An Iranian deputy oil minister said Tuesday that Tehran’s nuclear deal with world powers would remain in force as long as Iran can sell oil, the ministry’s official news agency, Shana reported.
'The [2015] Joint Comprehensive Plan of Action is effective in the oil industry as long as we will be able to sell our oil and keep our market share, receive our oil money without any problem, purchase our necessary oil equipment and finance our projects,' Amir-Hossein Zamani-Nia said.
The deputy minister added that Iran's oil industry would not return to the pre-sanctions era in 2013 'under any circumstances' regardless of U.S. President Donald Trump’s decision on extending sanctions against Iran under the nuclear deal.
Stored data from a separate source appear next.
(* Let $\mathfrak M$ be a closed O*-algebra on a dense subspace $\mathcal D$ of a Hilbert space $\mathcal H$ such that $\mathfrak M'_{\mathrm w}\mathcal D\subset\mathcal D$, and let $E'$ be a projection in the von Neumann algebra $\mathfrak M'_{\mathrm w}$. Let $Z$ be the central support of $E'$, $\mathcal E:=\langle \mathfrak M'_{\mathrm w}E'\mathcal D\rangle\oplus (I-Z)\mathcal D$, and for $X\in(\mathfrak M_{E'})''_{\mathrm{wc}}$ let $X_e\in\mathcal L^\dagger(\mathcal E)$ be the operator $X_e\big(\sum_k C_kE'\xi_k+(I-Z)\eta\big)=\sum_k C_kX(E'\xi_k)$ ($C_k\in\mathfrak M'_{\mathrm w}$, $\xi_k,\eta\in\mathcal D$). Suppose that $\bigcap_{X\in(\mathfrak M_{E'})''_{\mathrm{wc}}}D(\overline{X_e})=\mathcal D$ (i.e. the completion of $\mathcal E$ with respect to the graph topology of the O*-algebra $\{X_e: X\in(\mathfrak M_{E'})''_{\mathrm{wc}}\}$ equals $\mathcal D$). Then $(\mathfrak M''_{\mathrm{wc}})_{E'}=(\mathfrak M_{E'})''_{\mathrm{wc}}$.
   Context: For a dense subspace $\mathcal D$ of $\mathcal H$, $\mathcal L^\dagger(\mathcal D)$ is the set of linear operators $X$ with domain $\mathcal D$ such that $X\mathcal D\subset\mathcal D$, $\mathcal D\subset D(X^* )$, $X^*\mathcal D\subset\mathcal D$, a *-algebra with involution $X^\dagger:=X^*\upharpoonright\mathcal D$. An O*-algebra on $\mathcal D$ is a *-subalgebra of $\mathcal L^\dagger(\mathcal D)$ containing the identity. The graph topology $t_{\mathfrak M}$ is defined by the seminorms $\xi\mapsto\|X\xi\|$, $X\in\mathfrak M$; $\mathfrak M$ is closed if $\mathcal D[t_{\mathfrak M}]$ is complete. Weak commutant: $\mathfrak M'_{\mathrm w}=\{C\in\mathcal B(\mathcal H):\langle CX\xi,\eta\rangle=\langle C\xi,X^\dagger\eta\rangle\ \forall X\in\mathfrak M,\ \xi,\eta\in\mathcal D\}$ (a von Neumann algebra when $\mathfrak M'_{\mathrm w}\mathcal D\subset\mathcal D$). Unbounded bicommutant: $\mathfrak M''_{\mathrm{wc}}=\{X\in\mathcal L^\dagger(\mathcal D):\langle CX\xi,\eta\rangle=\langle C\xi,X^\dagger\eta\rangle\ \forall C\in\mathfrak M'_{\mathrm w},\ \xi,\eta\in\mathcal D\}$. For an O*-algebra $\mathfrak N$ on $\mathcal D$ and a projection $E'\in\mathfrak N'_{\mathrm w}$ with $E'\mathcal D\subset\mathcal D$, the reduced algebra is $\mathfrak N_{E'}=\{XE'\upharpoonright E'\mathcal D: X\in\mathfrak N\}$, an O*-algebra on $E'\mathcal D$ in the Hilbert space $E'\mathcal H$; $(\mathfrak M_{E'})''_{\mathrm{wc}}$ is the unbounded bicommutant computed relative to $E'\mathcal D\subset E'\mathcal H$. (Note $(\mathfrak M''_{\mathrm{wc}})'_{\mathrm w}=\mathfrak M'_{\mathrm w}$, so $E'$ may be used to reduce $\mathfrak M''_{\mathrm{wc}}$.) The central support $Z$ of $E'$ is the projection onto the closure of $\langle\mathfrak M'_{\mathrm w}E'\mathcal H\rangle$, where $\langle\cdot\rangle$ denotes linear span. $\overline{X_e}$ denotes the closure of the closable operator $X_e$. *)

theory Defs
  imports "HOL-Analysis.Analysis"
begin

class cvector = real_vector +
  fixes scaleC :: "complex \<Rightarrow> 'a \<Rightarrow> 'a" (infixr "*\<^sub>C" 75)
  assumes scaleC_add_right: "a *\<^sub>C (x + y) = a *\<^sub>C x + a *\<^sub>C y"
    and scaleC_add_left: "(a + b) *\<^sub>C x = a *\<^sub>C x + b *\<^sub>C x"
    and scaleC_scaleC: "a *\<^sub>C (b *\<^sub>C x) = (a * b) *\<^sub>C x"
    and scaleC_one: "1 *\<^sub>C x = x"
    and scaleR_scaleC: "scaleR r x = complex_of_real r *\<^sub>C x"

class cinner_space = cvector + real_normed_vector +
  fixes cinner :: "'a \<Rightarrow> 'a \<Rightarrow> complex"
  assumes cinner_commute: "cinner x y = cnj (cinner y x)"
    and cinner_add_left: "cinner (x + y) z = cinner x z + cinner y z"
    and cinner_scaleC_left: "cinner (a *\<^sub>C x) y = a * cinner x y"
    and cinner_self_real: "Im (cinner x x) = 0"
    and cinner_self_nonneg: "0 \<le> Re (cinner x x)"
    and cinner_self_eq_zero: "cinner x x = 0 \<longleftrightarrow> x = 0"
    and norm_eq_sqrt_cinner: "norm x = sqrt (Re (cinner x x))"

class chilbert_space = cinner_space + complete_space


instantiation complex :: chilbert_space
begin
definition scaleC_complex :: "complex \<Rightarrow> complex \<Rightarrow> complex" where "scaleC_complex a x = a * x"
definition cinner_complex :: "complex \<Rightarrow> complex \<Rightarrow> complex" where "cinner_complex x y = x * cnj y"
instance
proof
  fix x y z a b :: complex and r :: real
  show "a *\<^sub>C (x + y) = a *\<^sub>C x + a *\<^sub>C y" by (simp add: scaleC_complex_def algebra_simps)
  show "(a + b) *\<^sub>C x = a *\<^sub>C x + b *\<^sub>C x" by (simp add: scaleC_complex_def algebra_simps)
  show "a *\<^sub>C (b *\<^sub>C x) = (a * b) *\<^sub>C x" by (simp add: scaleC_complex_def)
  show "1 *\<^sub>C x = x" by (simp add: scaleC_complex_def)
  show "scaleR r x = complex_of_real r *\<^sub>C x" by (simp add: scaleC_complex_def scaleR_conv_of_real)
  show "cinner x y = cnj (cinner y x)" by (simp add: cinner_complex_def)
  show "cinner (x + y) z = cinner x z + cinner y z" by (simp add: cinner_complex_def algebra_simps)
  show "cinner (a *\<^sub>C x) y = a * cinner x y" by (simp add: cinner_complex_def scaleC_complex_def)
  show "Im (cinner x x) = 0" by (simp add: cinner_complex_def)
  show "0 \<le> Re (cinner x x)" by (simp add: cinner_complex_def)
  show "cinner x x = 0 \<longleftrightarrow> x = 0" by (simp add: cinner_complex_def)
  show "norm x = sqrt (Re (cinner x x))" by (simp add: cinner_complex_def complex_mult_cnj cmod_def power2_eq_square)
qed
end

section \<open>Subspaces, bounded operators, projections (relative to a closed subspace K)\<close>

definition csubspace :: "'h::cvector set \<Rightarrow> bool" where
  "csubspace S \<longleftrightarrow> 0 \<in> S \<and> (\<forall>x\<in>S. \<forall>y\<in>S. x + y \<in> S) \<and> (\<forall>a. \<forall>x\<in>S. a *\<^sub>C x \<in> S)"

definition cspan :: "'h::cvector set \<Rightarrow> 'h set" where
  "cspan S = {y. \<exists>n (a::nat \<Rightarrow> complex) v. (\<forall>k<n. v k \<in> S) \<and> y = (\<Sum>k<n. a k *\<^sub>C v k)}"

definition clinear_on :: "'h::cvector set \<Rightarrow> ('h \<Rightarrow> 'h) \<Rightarrow> bool" where
  "clinear_on S X \<longleftrightarrow> (\<forall>x\<in>S. \<forall>y\<in>S. X (x + y) = X x + X y) \<and> (\<forall>a. \<forall>x\<in>S. X (a *\<^sub>C x) = a *\<^sub>C X x)"

text \<open>Bounded operators on the Hilbert space K (a closed subspace of the ambient space),
  represented by functions vanishing outside K.\<close>
definition bops :: "'h::chilbert_space set \<Rightarrow> ('h \<Rightarrow> 'h) set" where
  "bops K = {C. clinear_on K C \<and> C ` K \<subseteq> K \<and> (\<exists>c. \<forall>x\<in>K. norm (C x) \<le> c * norm x)
              \<and> (\<forall>x. x \<notin> K \<longrightarrow> C x = 0)}"

definition is_proj :: "'h::chilbert_space set \<Rightarrow> ('h \<Rightarrow> 'h) \<Rightarrow> bool" where
  "is_proj K P \<longleftrightarrow> P \<in> bops K \<and> (\<forall>x. P (P x) = P x) \<and> (\<forall>x\<in>K. \<forall>y\<in>K. cinner (P x) y = cinner x (P y))"
lemma kept_observables_commute:
  assumes "x \<in> {0, 1}" "y \<in> {0, 1}"
  shows "charlie_kept y * alice_kept x = alice_kept x * charlie_kept y"
    "bob_kept y * alice_kept x = alice_kept x * bob_kept y"
    "charlie_kept y * bob_kept x = bob_kept x * charlie_kept y"
proof -
  have c: "alice_obs x \<in> carrier_mat dA dA" "bob_obs x \<in> carrier_mat dP dP"
      "bob_obs y \<in> carrier_mat dP dP" "charlie_obs y \<in> carrier_mat dQ dQ"
    using observables[OF assms(1)] observables[OF assms(2)] unfolding observable_def by auto
  show "charlie_kept y * alice_kept x = alice_kept x * charlie_kept y"
    "bob_kept y * alice_kept x = alice_kept x * bob_kept y"
    unfolding alice_kept_def bob_kept_def charlie_kept_def
    using c kron_one_mult_commute[of "alice_obs x" dA "kron (1\<^sub>m dP) (charlie_obs y)" dBC]
      kron_one_mult_commute[of "alice_obs x" dA "kron (bob_obs y) (1\<^sub>m dQ)" dBC] by auto
  show "charlie_kept y * bob_kept x = bob_kept x * charlie_kept y"
    unfolding bob_kept_def charlie_kept_def using c by (simp add: kron_mult_kron)
qed

lemma round1_observables_commute:
  assumes "x \<in> {0, 1}" "u \<in> {0, 1}"
  shows "barlie_round1 u * alice_round1 x = alice_round1 x * barlie_round1 u"
  using kron_one_mult_commute[of "alice_obs x" dA "barlie_obs u" dB] observables[OF assms(1)]
    observables[OF assms(2)]
  unfolding alice_round1_def barlie_round1_def observable_def by auto

lemma bob_charlie_defects_psd:
  "psd (dA * dBC) ((1\<^sub>m (dA * dBC) - bob_kept 0 * bob_kept 0) * (1\<^sub>m (dA * dBC) - charlie_kept 1 * charlie_kept 1))"
proof -
  have P: "bob_obs 0 \<in> carrier_mat dP dP" "psd dP (1\<^sub>m dP - bob_obs 0 * bob_obs 0)"
    and Q: "charlie_obs 1 \<in> carrier_mat dQ dQ" "psd dQ (1\<^sub>m dQ - charlie_obs 1 * charlie_obs 1)"
    using observables[of 0] observables[of 1] unfolding observable_def by auto
  have "1\<^sub>m (dA * dBC) - bob_kept 0 * bob_kept 0 = kron (1\<^sub>m dA) (kron (1\<^sub>m dP - bob_obs 0 * bob_obs 0) (1\<^sub>m dQ))"
    unfolding bob_kept_def using P by (simp add: kron_mult_kron kron_one[symmetric] kron_minus_right kron_minus_left)
  moreover have "1\<^sub>m (dA * dBC) - charlie_kept 1 * charlie_kept 1 =
      kron (1\<^sub>m dA) (kron (1\<^sub>m dP) (1\<^sub>m dQ - charlie_obs 1 * charlie_obs 1))"
    unfolding charlie_kept_def using Q by (simp add: kron_mult_kron kron_one[symmetric] kron_minus_right)
  ultimately have "(1\<^sub>m (dA * dBC) - bob_kept 0 * bob_kept 0) * (1\<^sub>m (dA * dBC) - charlie_kept 1 * charlie_kept 1)
      = kron (1\<^sub>m dA) (kron (1\<^sub>m dP - bob_obs 0 * bob_obs 0) (1\<^sub>m dQ - charlie_obs 1 * charlie_obs 1))"
    using P Q by (simp add: kron_mult_kron)
  then show ?thesis using psd_kron[OF psd_one psd_kron[OF P(2) Q(2)]] by simp
qed

lemma deficits_tradeoff: "2 \<le> 34 * chsh_deficit + 20 * keep_deficit"
proof -
  have "2 - 20 * ((1 - state_inner kept_state (alice_kept 0) (bob_kept 0))
      + (1 - state_inner kept_state (alice_kept 1) (charlie_kept 1)))
    \<le> state_norm2 kept_state (alice_kept 0 * alice_kept 1 + alice_kept 1 * alice_kept 0)"
    using cloning_anticommutator_ge[OF density_kept_state joint_observables(3)[of 0] joint_observables(3)[of 1]
        joint_observables(4)[of 0] joint_observables(5)[of 1] kept_observables_commute(1)[of 0 1]
        kept_observables_commute(2)[of 1 0] kept_observables_commute(3)[of 0 1] bob_charlie_defects_psd]
    by simp
  also have "\<dots> = state_norm2 \<rho> (alice_round1 0 * alice_round1 1 + alice_round1 1 * alice_round1 0)"
    by (rule kept_anticommutator_norm)
  also have "\<dots> \<le> 34 * chsh_deficit"
    unfolding chsh_deficit_def
    by (rule anticommutator_le_chsh_deficit[OF density_\<rho> joint_observables(1)[of 0] joint_observables(1)[of 1]
        joint_observables(2)[of 0] joint_observables(2)[of 1]])
      (auto intro: round1_observables_commute)
  moreover have "(1 - state_inner kept_state (alice_kept 0) (bob_kept 0))
      + (1 - state_inner kept_state (alice_kept 1) (charlie_kept 1)) \<le> keep_deficit"
    using state_inner_observables_le_1[OF density_kept_state] joint_observables[of 0] joint_observables[of 1]
    unfolding keep_deficit_def keep_agreement_def by (smt (z3) insertI1 insertI2 singletonI)
  ultimately show ?thesis by (smt (z3))
qed

lemma clone_win_prob_le:
  assumes "0 \<le> \<gamma>" "\<gamma> \<le> 1"
  shows "clone_win_prob \<gamma> \<alpha> dA dB dP dQ nK \<rho> A K P Q
    \<le> (1 - \<gamma>) + \<gamma> * chsh_value - min \<gamma> ((1 - \<gamma>) * (1 - \<alpha>)\<^sup>2) / 136"
proof -
  define m where "m = min \<gamma> ((1 - \<gamma>) * (1 - \<alpha>)\<^sup>2)"
  have "1 \<le> 17 * chsh_deficit + 17 * keep_deficit"
    using deficits_tradeoff keep_deficit_nonneg by linarith
  moreover have "m \<ge> 0" unfolding m_def using assms by simp
  ultimately have "m * 1 \<le> m * (17 * chsh_deficit + 17 * keep_deficit)"
    by (rule mult_left_mono)
  then have "m / 136 \<le> m / 8 * chsh_deficit + m / 8 * keep_deficit"
    by (simp add: field_simps)
  also have "\<dots> \<le> \<gamma> / 8 * chsh_deficit + (1 - \<gamma>) * (1 - \<alpha>)\<^sup>2 / 8 * keep_deficit"
    unfolding m_def using chsh_deficit_nonneg keep_deficit_nonneg
    by (intro add_mono mult_right_mono divide_right_mono) auto
  finally show ?thesis unfolding clone_win_prob_eq m_def by simp
qed

end
lemma not_dvd_card_non_ratio_residues_plus_one:
  assumes "prime q"
    and "y0 \<in> {1..<q}" "int q dvd a y0"
    and "y1 \<in> {1..<q}" "\<not> int q dvd a y1"
  shows "\<not> int q dvd int (card ({..<q} - ratio_residues q a)) + 1"
proof -
  let ?R = "ratio_residues q a"
  have R_sub: "?R \<subseteq> {..<q}"
    unfolding ratio_residues_def by auto
  then have "card ({..<q} - ?R) = q - card ?R" "card ?R \<le> q"
    using card_mono[OF _ R_sub] by (simp_all add: card_Diff_subset finite_subset)
  moreover have "2 \<le> card ?R"
    using two_le_card_ratio_residues assms by blast
  ultimately show ?thesis
    by (auto dest: zdvd_imp_le)
qed

lemma exists_avoiding_linear_form:
  fixes q :: nat and a :: "nat \<Rightarrow> int"
  assumes q: "prime q" "odd q"
    and y0: "y0 \<in> {1..<q}" "int q dvd a y0"
    and y1: "y1 \<in> {1..<q}" "\<not> int q dvd a y1"
  shows "\<exists>s c. \<forall>y\<in>{1..<q}. (s * a y + c * int y) mod int q \<notin> {0, int q - 1}"
proof (rule ccontr)
  let ?Y = "{1..<q}"
  let ?P = "\<lambda>\<mu>. \<Prod>y\<in>?Y. a y + int \<mu> * - int y"
  define R where "R = ratio_residues q a"
  define F where "F = (fact (q - 1) :: int)"
  assume "\<not> ?thesis"
  then have no_form: "\<forall>s c. \<exists>y\<in>?Y. (s * a y + c * int y) mod int q \<in> {0, int q - 1}"
    by (simp only: not_ex ball_simps(10) not_not simp_thms)
  have q1: "q > 1" using q prime_gt_1_nat by auto
  have "[?P \<mu> = (if \<mu> \<in> R then 0 else F)] (mod int q)" if "\<mu> < q" for \<mu>
  proof (cases "\<mu> \<in> R")
    case True
    then obtain y where y: "y \<in> ?Y" and "int q dvd a y - int \<mu> * int y"
      unfolding R_def ratio_residues_def by blast
    then have "int q dvd a y + int \<mu> * - int y"
      by simp
    also have "\<dots> dvd ?P \<mu>"
      using y by (intro dvd_prodI) auto
    finally show ?thesis
      using True by (simp add: cong_0_iff)
  next
    case False
    then show ?thesis
      using prod_cong_fact_if_no_avoiding_form[OF q(1) no_form, of "int \<mu>"] that
      by (simp add: R_def ratio_residues_def F_def)
  qed
  then have "[(\<Sum>\<mu><q. ?P \<mu>) = (\<Sum>\<mu><q. if \<mu> \<in> R then 0 else F)] (mod int q)"
    by (intro cong_sum) simp
  also have "(\<Sum>\<mu><q. if \<mu> \<in> R then 0 else F) = int (card ({..<q} - R)) * F"
    by (simp add: sum.If_cases Diff_eq)
  finally have sum_mod: "[(\<Sum>\<mu><q. ?P \<mu>) = int (card ({..<q} - R)) * F] (mod int q)" .
  have "int q dvd (\<Sum>\<mu><q. ?P \<mu>) + F"
    using prime_dvd_sum_prod_linear[OF q(1), where Y = ?Y and a = a and b = "\<lambda>y. - int y"] q1
    unfolding prod_uminus_int_eq_fact[OF q(2)] F_def by simp
  then have "int q dvd (int (card ({..<q} - R)) + 1) * F"
    using cong_dvd_iff[OF cong_add[OF sum_mod cong_refl]] by (simp add: distrib_right)
  moreover have "\<not> int q dvd F"
  proof -
    have "\<not> q dvd fact (q - 1)"
      using prime_dvd_fact_iff[OF q(1)] q1 by simp
    then show ?thesis
      unfolding F_def by (metis int_dvd_int_iff of_nat_fact)
  qed
  ultimately have "int q dvd int (card ({..<q} - R)) + 1"
    using q(1) by (simp add: prime_dvd_mult_iff)
  then show False
    unfolding R_def using not_dvd_card_non_ratio_residues_plus_one[OF q(1) y0 y1] by blast
qed

lemma dist_int_div_ge:
  fixes M N r :: int
  assumes "0 < N" "r \<le> M mod N" "M mod N \<le> N - r"
  shows "real_of_int r / real_of_int N \<le> dist_int (real_of_int M / real_of_int N)"
proof -
  define n where "n = round (real_of_int M / real_of_int N)"
  have M: "M = M div N * N + M mod N" by simp
  have "r \<le> \<bar>M - n * N\<bar>"
  proof (cases "n \<le> M div N")
    case True
    then have "n * N \<le> M div N * N" using assms(1) by (simp add: mult_right_mono)
    then have "r \<le> M - n * N" using M assms(2) by linarith
    then show ?thesis by simp
  next
    case False
    then have "(M div N + 1) * N \<le> n * N" using assms(1) by (simp add: mult_right_mono)
    then have "M div N * N + N \<le> n * N" by (simp add: algebra_simps)
    then have "r \<le> n * N - M" using M assms(3) by linarith
    then show ?thesis by simp
  qed
  then have "real_of_int r \<le> \<bar>real_of_int M - real_of_int n * real_of_int N\<bar>"
    by (metis of_int_abs of_int_diff of_int_le_iff of_int_mult)
  also have "\<dots> = \<bar>real_of_int M / real_of_int N - real_of_int n\<bar> * real_of_int N"
    using assms(1) by (simp add: abs_mult[symmetric] field_simps)
  finally show ?thesis
    using assms(1) unfolding dist_int_def n_def by (simp add: field_simps)
qed

lemma proper_if_mod_bounds:
  fixes m :: int
  assumes "0 < p" "0 < l" "l \<le> k + 1"
    and bounds: "\<forall>j<k. int p \<le> (m * v ! j) mod (int l * int p)
                        \<and> (m * v ! j) mod (int l * int p) \<le> int l * int p - int p"
  shows "proper k p l v"
proof -
  have "1 / real (k + 1) \<le> dist_int (real_of_int m / real (l * p) * real_of_int (v ! j))"
    if "j < k" for j
  proof -
    have "1 / real (k + 1) \<le> 1 / real l"
      using assms(2,3) by (simp add: frac_le)
    also have "\<dots> = real_of_int (int p) / real_of_int (int l * int p)"
      using assms(1) by simp
    also have "\<dots> \<le> dist_int (real_of_int (m * v ! j) / real_of_int (int l * int p))"
      using assms(1,2) bounds that by (intro dist_int_div_ge) auto
    also have "real_of_int (m * v ! j) / real_of_int (int l * int p)
        = real_of_int m / real (l * p) * real_of_int (v ! j)"
      by simp
    finally show ?thesis .
  qed
  then show ?thesis
    unfolding proper_def by blast
qed

lemma proper_if_all_dvd:
  assumes "0 < k" "1 < l" "\<forall>j<k. int l dvd v ! j"
  shows "proper k p l v"
proof -
  define G where "G = Gcd (insert (int l) {v ! j | j. j < k \<and> j \<noteq> 0})"
  have "int l dvd G"
    unfolding G_def using assms(3) by (auto intro!: Gcd_greatest)
  moreover have "G \<noteq> 0" "0 \<le> G"
    using assms(2) unfolding G_def by (simp_all add: Gcd_0_iff)
  ultimately have "1 < G"
    using assms(2) by (auto dest: zdvd_imp_le)
  then show ?thesis
    unfolding proper_def G_def using assms(1) by blast
qed

lemma mult_mod_bounds_if_not_dvd:
  fixes p l x :: int
  assumes "0 < p" "0 < l" "\<not> l dvd x"
  shows "p \<le> (p * x) mod (l * p) \<and> (p * x) mod (l * p) \<le> l * p - p"
proof -
  have "(p * x) mod (l * p) = p * (x mod l)"
    by (simp add: mult.commute mod_mult_mult1)
  moreover have "x mod l \<noteq> 0" "0 \<le> x mod l" "x mod l < l"
    using assms(2,3) by (simp_all add: dvd_eq_mod_eq_0)
  then have "p * 1 \<le> p * (x mod l)" "p * (x mod l) \<le> p * (l - 1)"
    using assms(1) by (intro mult_left_mono; simp)+
  ultimately show ?thesis
    by (simp add: algebra_simps)
qed

lemma mult_cong_form_residue:
  fixes p q s c t v y :: int
  assumes "[v = y] (mod p)"
  shows "[(p * s + q * t) * v = p * ((s * v + c * y) mod q) + (t * q - c mod q * p) * y] (mod q * p)"
proof -
  define w where "w = (s * v + c * y) mod q"
  obtain \<alpha> where \<alpha>: "v = y + p * \<alpha>"
    using assms by (metis cong_iff_dvd_diff dvd_def add_diff_cancel_left' diff_add_cancel cong_sym)
  obtain \<beta> where "s * v + c * y = w + q * \<beta>"
    unfolding w_def by (metis mod_div_mult_eq add.commute mult.commute)
  then have w: "w = s * v + c * y - q * \<beta>"
    by simp
  define c' where "c' = c mod q"
  obtain \<gamma> where \<gamma>: "c = c' + q * \<gamma>"
    unfolding c'_def by (metis mod_div_mult_eq add.commute mult.commute)
  have "(p * s + q * t) * v - (p * w + (t * q - c' * p) * y) = q * p * (\<beta> + t * \<alpha> - \<gamma> * y)"
    by (simp add: w \<alpha> \<gamma> algebra_simps)
  then show ?thesis
    unfolding w_def c'_def by (simp add: cong_iff_dvd_diff)
qed

lemma exists_multiplier_mod_bounds:
  fixes p q s c :: int and v y :: "'a \<Rightarrow> int"
  assumes "1 < q" "0 < p"
    and cong: "\<forall>j\<in>J. [v j = y j] (mod p)"
    and small: "\<forall>j\<in>J. 0 \<le> y j \<and> q * y j \<le> p"
    and form: "\<forall>j\<in>J. (s * v j + c * y j) mod q \<notin> {0, q - 1}"
  shows "\<exists>m. \<forall>j\<in>J. p \<le> (m * v j) mod (q * p) \<and> (m * v j) mod (q * p) \<le> q * p - p"
proof -
  define t where "t = c mod q * p div q + 1"
  define e where "e = t * q - c mod q * p"
  have e: "1 \<le> e" "e \<le> q"
  proof -
    have "e = q - c mod q * p mod q"
      unfolding e_def t_def using div_mult_mod_eq[of "c mod q * p" q] by (simp add: algebra_simps)
    moreover have "0 \<le> c mod q * p mod q" "c mod q * p mod q < q"
      using assms(1) by simp_all
    ultimately show "1 \<le> e" "e \<le> q" by auto
  qed
  have "p \<le> ((p * s + q * t) * v j) mod (q * p) \<and> ((p * s + q * t) * v j) mod (q * p) \<le> q * p - p"
    if j: "j \<in> J" for j
  proof -
    define w where "w = (s * v j + c * y j) mod q"
    have "w \<noteq> 0" "w \<noteq> q - 1" "0 \<le> w" "w < q"
      using form j assms(1) by (auto simp: w_def)
    then have "p * 1 \<le> p * w" "p * w \<le> p * (q - 2)"
      using assms(2) by (intro mult_left_mono; simp)+
    moreover have "0 \<le> e * y j" "e * y j \<le> q * y j" "q * y j \<le> p"
      using e small j by (simp_all add: mult_right_mono)
    moreover have "[(p * s + q * t) * v j = p * w + e * y j] (mod q * p)"
      unfolding w_def e_def using cong j by (intro mult_cong_form_residue) auto
    ultimately have "p \<le> p * w + e * y j" "p * w + e * y j \<le> q * p - p"
      and "((p * s + q * t) * v j) mod (q * p) = (p * w + e * y j) mod (q * p)"
      by (simp_all add: cong_def algebra_simps)
    moreover have "(p * w + e * y j) mod (q * p) = p * w + e * y j"
      using calculation assms(2) by (intro mod_pos_pos_trivial) auto
    ultimately show ?thesis by simp
  qed
  then show ?thesis by blast
qed

lemma nth_cong_if_proj_eq_upt:
  fixes u :: "int list"
  assumes proj_u: "proj p u = map int [1..<k + 1]" and "k < p"
  shows "\<forall>j\<in>{..<k}. [u ! j = int (j + 1)] (mod int p)"
proof
  fix j assume j: "j \<in> {..<k}"
  have "length u = k"
    using arg_cong[OF proj_u, of length] by (simp add: proj_def)
  then have "u ! j mod int p = int (j + 1)"
    using arg_cong[OF proj_u, of "\<lambda>v. v ! j"] j by (simp add: proj_def nth_upt del: upt_Suc)
  then show "[u ! j = int (j + 1)] (mod int p)"
    using j assms(2) by (simp add: cong_def)
qed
Trump said Monday that he would announce his decision on Tuesday afternoon.
Zamani-Nia said problems were not “welcome” but Iran would overcome them.
'The Iranian oil and gas industry has been faced with a myriad of challenges throughout its 110-year history, and Trump's decision tonight is one of the problems that Iran's oil industry has learned to deal with,' he said.
-Rouhani downplays Trump’s possible withdrawal
Iranian President Hassan Rouhani earlier on Tuesday downplayed the effects of a possible decision by Trump to walk away from the nuclear agreement.
'Exceptional conditions are likely to occur from time to time and a special figure comes to power somewhere in the world to impose special conditions; however, such conditions are short-lived and will end and we will leave the problems behind,' Rouhani was quoted as saying by Shana during a visit to the ongoing Iran Oil Show 2018 in Tehran.
Rouhani said the Tehran administration had always sought to achieve 'constructive interaction' under 'win-win conditions' in its dealings worldwide.
'With or without sanctions, we have to move in such a direction to use national capabilities,' he added.
Rouhani said the Iranian government is expected to provide favorable conditions for oil industrialists.
'If we don't have good relations with our neighbors and don't have calculated relations with the world, what should we do with money and technology?' he asked.
Under the deal signed in 2015, the U.S. and the P5+1 (the permanent members of the UN Security Council —the U.S, the U.K., Russia, France, and China—plus Germany) agreed to lift some economic sanctions imposed on Iran in return for the latter agreeing to rein in its nuclear program.
Trump has repeatedly called the pact 'one of the worst negotiated agreements' he has ever seen, and has threatened to pull the U.S. out of the deal.